Saray’da oturmam, akreditasyon uygulamam: Cumhurbaşkanı seçilirsem ben Saray’da oturmayacağım. Akreditasyon vesaire diye de bir şey uygulamam, uygulamayacağım.

Kin ötesi: Mesela filmde gazeteci “Nixon kincidir” diyor. En önemli replik benim için oydu. Şimdi kin ötesi bir durum var bizde. Öyle olduğu için de sürekli bir kişisel otokontrol ve sansür söz konusu. Bugün, iktidar partisinden herhangi bir şahıs hakkında, onun hoşuna gitmeyen bir şey yazın, başınıza gelmedik iş kalmaz. Maliyeti çok yüksek.

Basın yönetilenler için var (Yerel mahkemelerin AYM’nin tahliye kararlarını uygulamaması): Filmden bir cümle çok dikkatimi çekti; “Basın, yönetenler için değil, yönetilenler içindir.” Mahkeme kararında böyle deniyor. Bizi bazı konularda risk almamak, kurallara uymamak ve ilkelerden ayrılmak bu hale getirdi. OHAL... Duyduğumuz sözler neydi? ‘En fazla 1.5 ay.’ 1.5 yıl oldu ve devam ediyor. KHK’ler artık öyle bir hale geldi ki, kar lastiği bile var. Şimdi bunun üzerine AYM dedi ki, ‘OHAL’de KHK’lerde biz yetkisiziz.’ Halbuki yetkiliydiler. Orada direnmeleri lazımdı. Sonrasında çıkan KHK’lerin neleri barındırdığını hep beraber gördük.

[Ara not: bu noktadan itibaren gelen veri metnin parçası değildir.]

(* Let $S$ be an ordered forest and $I$ a finite linear order. Then $S\otimes I$ with the relation $\sqsubseteq_{S\otimes I}$ is a forest, and, taken additionally with the linear order $\leq_{S\otimes I}$, it is an ordered forest.
   Context: A forest is a finite poset in which the set of predecessors of each element is linearly ordered (each element its own predecessor); $1\oplus T$ denotes the tree obtained by adding a new smallest element. An ordered tree has a linear order on the immediate successors of each node, inducing the lexicographic order ($v\leq w$ if $v\sqsubseteq w$; for incomparable $v,w$ compare the immediate successors of $v\wedge w$ below $v$ and $w$). An ordered forest is a forest $T$ with a linear order $\leq_T$ that is the restriction of the lexicographic order of some ordered-tree structure on $1\oplus T$. For $s$ in a forest $S$, ${\rm ht}(s)$ is the number of predecessors of $s$ (including $s$), ${\rm ht}(S)=\max_s{\rm ht}(s)$, and for $i<{\rm ht}(s)$, $s(i)$ is the predecessor of $s$ of height $i+1$. Let $n={\rm ht}(S)$ and $S\otimes I=\{(s,t)\in S\times I^{\leq n}\mid {\rm ht}(s)=|t|\}$, where $I^{\le n}$ are sequences $t=(t(0),\dots,t(|t|-1))$ in $I$ of length at most $n$. Set $(s_1,t_1)\sqsubseteq_{S\otimes I}(s_2,t_2)$ iff $s_1\sqsubseteq_S s_2$, $t_1\upharpoonright({\rm ht}(s_1)-1)=t_2\upharpoonright({\rm ht}(s_1)-1)$, and $t_1({\rm ht}(s_1)-1)\leq_I t_2({\rm ht}(s_1)-1)$. Set $(s_1,t_1)\leq_{S\otimes I}(s_2,t_2)$ iff the sequence $(s_1(0),t_1(0),\dots,s_1(h_1-1),t_1(h_1-1))$ is lexicographically at most $(s_2(0),t_2(0),\dots,s_2(h_2-1),t_2(h_2-1))$, where $h_k={\rm ht}(s_k)$ and lexicographic comparison uses $\leq_S$ and $\leq_I$. *)

theory Defs
  imports Main
begin

definition porder_on :: "'a set \<Rightarrow> ('a \<Rightarrow> 'a \<Rightarrow> bool) \<Rightarrow> bool" where
  "porder_on A r \<longleftrightarrow>
     (\<forall>x\<in>A. r x x) \<and>
     (\<forall>x\<in>A. \<forall>y\<in>A. r x y \<and> r y x \<longrightarrow> x = y) \<and>
     (\<forall>x\<in>A. \<forall>y\<in>A. \<forall>z\<in>A. r x y \<and> r y z \<longrightarrow> r x z)"

definition lorder_on :: "'a set \<Rightarrow> ('a \<Rightarrow> 'a \<Rightarrow> bool) \<Rightarrow> bool" where
  "lorder_on A r \<longleftrightarrow> porder_on A r \<and> (\<forall>x\<in>A. \<forall>y\<in>A. r x y \<or> r y x)"

definition forest :: "'a set \<Rightarrow> ('a \<Rightarrow> 'a \<Rightarrow> bool) \<Rightarrow> bool" where
  "forest S le \<longleftrightarrow> finite S \<and> porder_on S le \<and>
     (\<forall>s\<in>S. \<forall>x\<in>S. \<forall>y\<in>S. le x s \<and> le y s \<longrightarrow> le x y \<or> le y x)"

definition tree :: "'a set \<Rightarrow> ('a \<Rightarrow> 'a \<Rightarrow> bool) \<Rightarrow> bool" where
  "tree T le \<longleftrightarrow> forest T le \<and> (\<exists>r\<in>T. \<forall>x\<in>T. le r x)"

definition imm_succ :: "'a set \<Rightarrow> ('a \<Rightarrow> 'a \<Rightarrow> bool) \<Rightarrow> 'a \<Rightarrow> 'a \<Rightarrow> bool" where
  "imm_succ T le v w \<longleftrightarrow> v \<in> T \<and> w \<in> T \<and> le v w \<and> v \<noteq> w \<and>
     (\<forall>u\<in>T. le v u \<and> le u w \<longrightarrow> u = v \<or> u = w)"

definition ordered_tree :: "'a set \<Rightarrow> ('a \<Rightarrow> 'a \<Rightarrow> bool) \<Rightarrow> ('a \<Rightarrow> 'a \<Rightarrow> 'a \<Rightarrow> bool) \<Rightarrow> bool" where
  "ordered_tree T le ord \<longleftrightarrow> tree T le \<and>
     (\<forall>v\<in>T. lorder_on {w. imm_succ T le v w} (ord v))"

definition is_meet :: "'a set \<Rightarrow> ('a \<Rightarrow> 'a \<Rightarrow> bool) \<Rightarrow> 'a \<Rightarrow> 'a \<Rightarrow> 'a \<Rightarrow> bool" where
  "is_meet T le m v w \<longleftrightarrow> m \<in> T \<and> le m v \<and> le m w \<and>
     (\<forall>u\<in>T. le u v \<and> le u w \<longrightarrow> le u m)"

definition tree_lex :: "'a set \<Rightarrow> ('a \<Rightarrow> 'a \<Rightarrow> bool) \<Rightarrow> ('a \<Rightarrow> 'a \<Rightarrow> 'a \<Rightarrow> bool)
    \<Rightarrow> 'a \<Rightarrow> 'a \<Rightarrow> bool" where
  "tree_lex T le ord v w \<longleftrightarrow> le v w \<or>
     (\<not> le v w \<and> \<not> le w v \<and>
      (\<exists>m. is_meet T le m v w \<and>
         (\<exists>v' w'. imm_succ T le m v' \<and> le v' v \<and> imm_succ T le m w' \<and> le w' w
                 \<and> ord m v' w')))"

definition oplus_carrier :: "'a set \<Rightarrow> 'a option set" where
  "oplus_carrier S = insert None (Some ` S)"

definition oplus_le :: "('a \<Rightarrow> 'a \<Rightarrow> bool) \<Rightarrow> 'a option \<Rightarrow> 'a option \<Rightarrow> bool" where
  "oplus_le le x y = (case x of None \<Rightarrow> True
                       | Some a \<Rightarrow> (case y of None \<Rightarrow> False | Some b \<Rightarrow> le a b))"

definition ordered_forest :: "'a set \<Rightarrow> ('a \<Rightarrow> 'a \<Rightarrow> bool) \<Rightarrow> ('a \<Rightarrow> 'a \<Rightarrow> bool) \<Rightarrow> bool" where
  "ordered_forest S le lo \<longleftrightarrow> forest S le \<and> lorder_on S lo \<and>
     (\<exists>ord. ordered_tree (oplus_carrier S) (oplus_le le) ord \<and>
        (\<forall>x\<in>S. \<forall>y\<in>S. lo x y \<longleftrightarrow>
            tree_lex (oplus_carrier S) (oplus_le le) ord (Some x) (Some y)))"

definition ht :: "'a set \<Rightarrow> ('a \<Rightarrow> 'a \<Rightarrow> bool) \<Rightarrow> 'a \<Rightarrow> nat" where
  "ht S le s = card {x\<in>S. le x s}"

definition forest_ht :: "'a set \<Rightarrow> ('a \<Rightarrow> 'a \<Rightarrow> bool) \<Rightarrow> nat" where
  "forest_ht S le = Max (ht S le ` S)"

definition pred_at :: "'a set \<Rightarrow> ('a \<Rightarrow> 'a \<Rightarrow> bool) \<Rightarrow> 'a \<Rightarrow> nat \<Rightarrow> 'a" where
  "pred_at S le s i = (THE x. x \<in> S \<and> le x s \<and> ht S le x = Suc i)"

definition tensor :: "'a set \<Rightarrow> ('a \<Rightarrow> 'a \<Rightarrow> bool) \<Rightarrow> 'i set \<Rightarrow> ('a \<times> 'i list) set" where
  "tensor S le I = {(s, t). s \<in> S \<and> set t \<subseteq> I \<and> length t \<le> forest_ht S le
                            \<and> length t = ht S le s}"

definition tensor_le :: "'a set \<Rightarrow> ('a \<Rightarrow> 'a \<Rightarrow> bool) \<Rightarrow> ('i \<Rightarrow> 'i \<Rightarrow> bool)
    \<Rightarrow> 'a \<times> 'i list \<Rightarrow> 'a \<times> 'i list \<Rightarrow> bool" where
  "tensor_le S le leI p q = (case p of (s1, t1) \<Rightarrow> case q of (s2, t2) \<Rightarrow>
     le s1 s2 \<and> take (ht S le s1 - 1) t1 = take (ht S le s1 - 1) t2 \<and>
     leI (t1 ! (ht S le s1 - 1)) (t2 ! (ht S le s1 - 1)))"

definition list_lex_le :: "('b \<Rightarrow> 'b \<Rightarrow> bool) \<Rightarrow> 'b list \<Rightarrow> 'b list \<Rightarrow> bool" where
  "list_lex_le r xs ys \<longleftrightarrow> (\<exists>zs. ys = xs @ zs) \<or>
     (\<exists>p a b xs' ys'. xs = p @ a # xs' \<and> ys = p @ b # ys' \<and> r a b \<and> a \<noteq> b)"

definition interleave :: "'a set \<Rightarrow> ('a \<Rightarrow> 'a \<Rightarrow> bool) \<Rightarrow> 'a \<times> 'i list \<Rightarrow> ('a + 'i) list" where
  "interleave S le p = (case p of (s, t) \<Rightarrow>
     concat (map (\<lambda>i. [Inl (pred_at S le s i), Inr (t ! i)]) [0..<ht S le s]))"

definition sum_le :: "('a \<Rightarrow> 'a \<Rightarrow> bool) \<Rightarrow> ('i \<Rightarrow> 'i \<Rightarrow> bool) \<Rightarrow> 'a + 'i \<Rightarrow> 'a + 'i \<Rightarrow> bool" where
  "sum_le lo leI x y = (case x of
       Inl a \<Rightarrow> (case y of Inl b \<Rightarrow> lo a b | Inr _ \<Rightarrow> False)
     | Inr a \<Rightarrow> (case y of Inl _ \<Rightarrow> False | Inr b \<Rightarrow> leI a b))"

definition tensor_lo :: "'a set \<Rightarrow> ('a \<Rightarrow> 'a \<Rightarrow> bool) \<Rightarrow> ('a \<Rightarrow> 'a \<Rightarrow> bool) \<Rightarrow> ('i \<Rightarrow> 'i \<Rightarrow> bool)
    \<Rightarrow> 'a \<times> 'i list \<Rightarrow> 'a \<times> 'i list \<Rightarrow> bool" where
  "tensor_lo S le lo leI p q =
     list_lex_le (sum_le lo leI) (interleave S le p) (interleave S le q)"

end

theory Submission
  imports Defs
begin

text \<open>Encode \<open>(s, t) \<in> S \<otimes> I\<close> by the word \<open>s(0) t(0) \<dots> s(h-1) t(h-1)\<close> over \<open>S + I\<close>. This
  encoding is injective, it turns \<open>\<le>\<^bsub>S\<otimes>I\<^esub>\<close> into the lexicographic order, and it turns
  \<open>\<sqsubseteq>\<^bsub>S\<otimes>I\<^esub>\<close> into the relation ``agree before the last letter of the first word, and be
  below the second word there''. On words whose letters are pairwise comparable position by
  position, that relation is a forest order. The lexicographic order extends it linearly, and for
  incomparable words it is decided strictly before the last letter of either word, so it orders
  the upsets of incomparable elements as it orders the elements. Every linear extension of a
  forest order with this property is the lexicographic order of \<open>1 \<oplus> T\<close> ordered at each node
  by the extension itself.\<close>

section \<open>Lexicographic order on lists\<close>

lemma list_lex_le_iff_nth:
  "list_lex_le r xs ys \<longleftrightarrow>
     (length xs \<le> length ys \<and> (\<forall>j<length xs. xs!j = ys!j)) \<or>
     (\<exists>k<length xs. k < length ys \<and> (\<forall>j<k. xs!j = ys!j) \<and> xs!k \<noteq> ys!k \<and> r (xs!k) (ys!k))"
  (is "_ \<longleftrightarrow> ?prefix \<or> ?differ")
proof
  assume "list_lex_le r xs ys"
  then consider zs where "ys = xs @ zs"
    | p a b xs' ys' where "xs = p @ a # xs'" "ys = p @ b # ys'" "r a b" "a \<noteq> b"
    unfolding list_lex_le_def by blast
  then show "?prefix \<or> ?differ"
  proof cases
    case 1
    then show ?thesis by (auto simp: nth_append)
  next
    case (2 p a b)
    then have "?differ" by (intro exI[of _ "length p"]) (auto simp: nth_append)
    then show ?thesis ..
  qed
next
  assume "?prefix \<or> ?differ"
  then show "list_lex_le r xs ys"
  proof
    assume ?prefix
    then have "take (length xs) ys = xs" by (intro nth_equalityI) auto
    then have "ys = xs @ drop (length xs) ys" by (metis append_take_drop_id)
    then show ?thesis unfolding list_lex_le_def by blast
  next
    assume ?differ
    then obtain k where k: "k < length xs" "k < length ys" "\<forall>j<k. xs!j = ys!j"
      "xs!k \<noteq> ys!k" "r (xs!k) (ys!k)" by blast
    have "take k xs = take k ys" by (rule nth_equalityI) (use k in auto)
    then have "xs = take k xs @ xs!k # drop (Suc k) xs" "ys = take k xs @ ys!k # drop (Suc k) ys"
      using id_take_nth_drop k(1,2) by metis+
    then show ?thesis using k unfolding list_lex_le_def by blast
  qed
qed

Anayasa suçu işliyor: Sayın Erdoğan, çok açık söylüyorum, anayasa suçu işlemektedir. Şu anda Sayın Erdoğan, halk tarafından seçilmiş ama Meclis tarafından seçilmiş cumhurbaşkanlarının yetki ve sorumluluğunu haizdir. Ama yaptığı işlere baktığınız zaman net bir anayasa ihlalidir. Onun için hâkimlerimizden başlayarak, siyasilerimizle devam ederek, gazetecilerimizle sürdürerek bu işi, bunların halk tarafından öğrenilmesinin önünü açımak gerekiyor.

Afrin’de devletin de bilgisi yok: Bir haftadır Afrin konuşuluyor. Ben, gerçekten bu işin uzmanı aşağı yukarı 100’e yakın kişiyle konuştum. Ortaya bir şey çıktı. Suriye ile ilgili esasında devletin bilgisi yok. Siz bir müdahale yapacağınızı en üst noktadan, bağıra bağıra, davul zurna çalarak, megafonla söylüyorsunuz. Savaş sanatı açısından bakıldığı zaman hadiseye, bir kere oraya göndereceğimiz askerlerimizin üzerine tuzak kurma, tedbir alma imkânı tanıyorsunuz. Dış politika hep iç politikanın öznesi. Şimdi iki genç kavga etmeye kalkışır. O kadar çok yüksek sesle bağırırlar ki, “gelin beni ayırın”. Böyle bir şey olmaz.

Erdoğan’ın bekası: Şimdi Türkiye’de o kadar abuk sabuk bir şey oluyor ki, Türkiye’nin bekası ile Sayın Erdoğan’ın kendi şahsi bekası üst üste konuyor. Böyle bir şey olamaz. Atatürk öldü, Türkiye yaşadı. Yahu Meral Akşener’in şahsi bekası ile Türkiye’nin bekası üst üste gelebilir mi? Ama Erdoğan’ın bekası, Türkiye’nin bekası.